FGFR1 overexpression promotes resistance to PI3K inhibitor alpelisib in luminal breast cancer cells through receptor tyrosine kinase signaling-mediated activation of the estrogen receptor

Abstract

Aim: Resistance to PI3K inhibitor alpelisib is an emerging challenge in breast cancer treatment. FGFR1 is frequently amplified in breast cancer. We investigated FGFR1 overexpression-mediated alpelisib resistance and its mechanism. Methods: CCK-8, colony formation, and cell cycle assays assessed FGFR1 overexpression-induced alpelisib resistance in MCF-7 and T47D cells. FGFR1 siRNA knockdown validated FGFR1's role. Akt, Erk, and ER signaling were analyzed by Western blot. Synergistic effects of alpelisib with AZD4547 and fulvestrant were evaluated using the combination index. Results: FGFR1 overexpression conferred alpelisib resistance in MCF-7 and T47D cells, evidenced by increased viability, colony formation, and S-phase accumulation post alpelisib treatment. Knockdown of FGFR1 reverse alpelisib resistance in FGFR1 overexpressing MCF-7 and T47D cells. Resistance correlated with sustained activation of Akt and Erk1/2 pathways (p-Akt, p-Erk1/2, p-S6K, p-Rb) and attenuated suppression of ERα phosphorylation (S118/S167), highlighting RTK-ER crosstalk.
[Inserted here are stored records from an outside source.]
lemma emeasure_Zp_cylinder:
  assumes "0 < p" "finite S" "\<And>i. i \<in> S \<Longrightarrow> A i \<subseteq> {..<p}"
  shows "emeasure (Zp p) {x \<in> space (Zp p). \<forall>i\<in>S. x i \<in> A i} = (\<Prod>i\<in>S. ennreal (card (A i) / p))"
  unfolding Zp_cylinder_eq_prod_emb using assms unfolding Zp_def
  by (subst emeasure_PiM_emb)
     (auto intro!: prod.cong prob_space_digits simp: sets_uniform_count_measure
        emeasure_uniform_count_measure ennreal_of_nat_eq_real_of_nat divide_ennreal)

lemma measurable_Zp_digitwise:
  assumes "\<And>n. f n \<in> {..<p} \<rightarrow> {..<p}"
  shows "(\<lambda>x n. f n (x n)) \<in> measurable (Zp p) (Zp p)"
proof -
  have "(\<lambda>x n. f n (x n)) \<in> measurable (Zp p) (Pi\<^sub>M UNIV (\<lambda>_. uniform_count_measure {..<p}))"
  proof (rule measurable_PiM_single)
    show "(\<lambda>x n. f n (x n)) \<in> space (Zp p) \<rightarrow> (UNIV \<rightarrow>\<^sub>E space (uniform_count_measure {..<p}))"
      using assms by (auto simp: space_Zp space_uniform_count_measure)
    fix A n
    show "{x \<in> space (Zp p). f n (x n) \<in> A} \<in> sets (Zp p)"
      using measurable_sets[OF measurable_Zp_digit[of "f n" n p], of A]
      by (simp add: vimage_def Int_def conj_commute)
  qed
  then show ?thesis by (simp only: Zp_def)
qed

lemma card_bij_betw_preimage:
  assumes "bij_betw g A B" and "F \<subseteq> B"
  shows "card {a \<in> A. g a \<in> F} = card F"
proof (rule bij_betw_same_card, rule bij_betw_subset[OF assms(1)])
  show "g ` {a \<in> A. g a \<in> F} = F"
    using assms unfolding bij_betw_def by blast
qed auto
lemma Tmul_Tmul_right_commute:
  assumes k: "k < n" and j: "j < n"
  shows "Tmul n q r k (Tmul_right n q r j h) = Tmul_right n q r j (Tmul n q r k h)"
proof
  fix v
  show "Tmul n q r k (Tmul_right n q r j h) v = Tmul_right n q r j (Tmul n q r k h) v"
  proof (cases "v \<in> Bn n")
    case False
    then show ?thesis by (simp add: Tmul_def Tmul_right_def iota_def)
  next
    case v: True
    define sv vt svt where "sv = gen k \<circ> v" and "vt = v \<circ> gen j" and "svt = gen k \<circ> v \<circ> gen j"
    have sv: "sv \<in> Bn n" and vt: "vt \<in> Bn n"
      unfolding sv_def vt_def using v k j by (auto intro: Bn_comp gen_in_Bn)
    have svt: "svt = sv \<circ> gen j" "svt = gen k \<circ> vt"
      unfolding sv_def vt_def svt_def by (simp_all add: comp_assoc)
    have exchange: "h sv = h vt \<and> qpar q r k = qpar q r j"
      if "len n v < len n vt" "len n svt < len n sv"
      using gen_comp_eq_comp_gen[OF v k j] that unfolding sv_def vt_def svt_def qpar_def by auto
    have exchange': "h sv = h vt \<and> h svt = h v \<and> qpar q r k = qpar q r j"
      if "len n sv < len n svt" "len n vt < len n v"
    proof -
      have v_eq: "gen k \<circ> sv = v" unfolding sv_def by (simp add: comp_assoc[symmetric])
      then have "v = svt \<and> (k = 0 \<longleftrightarrow> j = 0)"
        using gen_comp_eq_comp_gen[OF sv k j] that unfolding svt(1) vt_def by auto
      moreover have "vt = sv" if "v = svt"
        using that unfolding vt_def svt(1) by (simp add: comp_assoc)
      ultimately show ?thesis unfolding qpar_def by auto
    qed
    show ?thesis
      unfolding Tmul_eval[OF v] Tmul_right_eval[OF v j] Tmul_eval[OF vt] Tmul_right_eval[OF sv j]
        sv_def[symmetric] vt_def[symmetric] svt(1)[symmetric] svt(2)[symmetric]
      by (rule commute_coeff_identity[OF len_gen_comp_cases[OF v k, folded sv_def]
            len_comp_gen_cases[OF v j, folded vt_def]
            len_comp_gen_cases[OF sv j, folded svt(1)] len_gen_comp_cases[OF vt k, folded svt(2)]
            exchange exchange'])
  qed
qed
Combining alpelisib with AZD4547 synergistically inhibited growth and suppressed both RTK signaling and ERα phosphorylation. While alpelisib-fulvestrant was effective, adding AZD4547 further enhanced inhibition, supporting triple therapy to overcome resistance. Conclusion: Our findings establish FGFR1 as a key mediator of alpelisib resistance in ER+ breast cancer. Combining FGFR1 inhibitors with alpelisib-based therapies offers a viable approach for FGFR1-overexpressing tumors.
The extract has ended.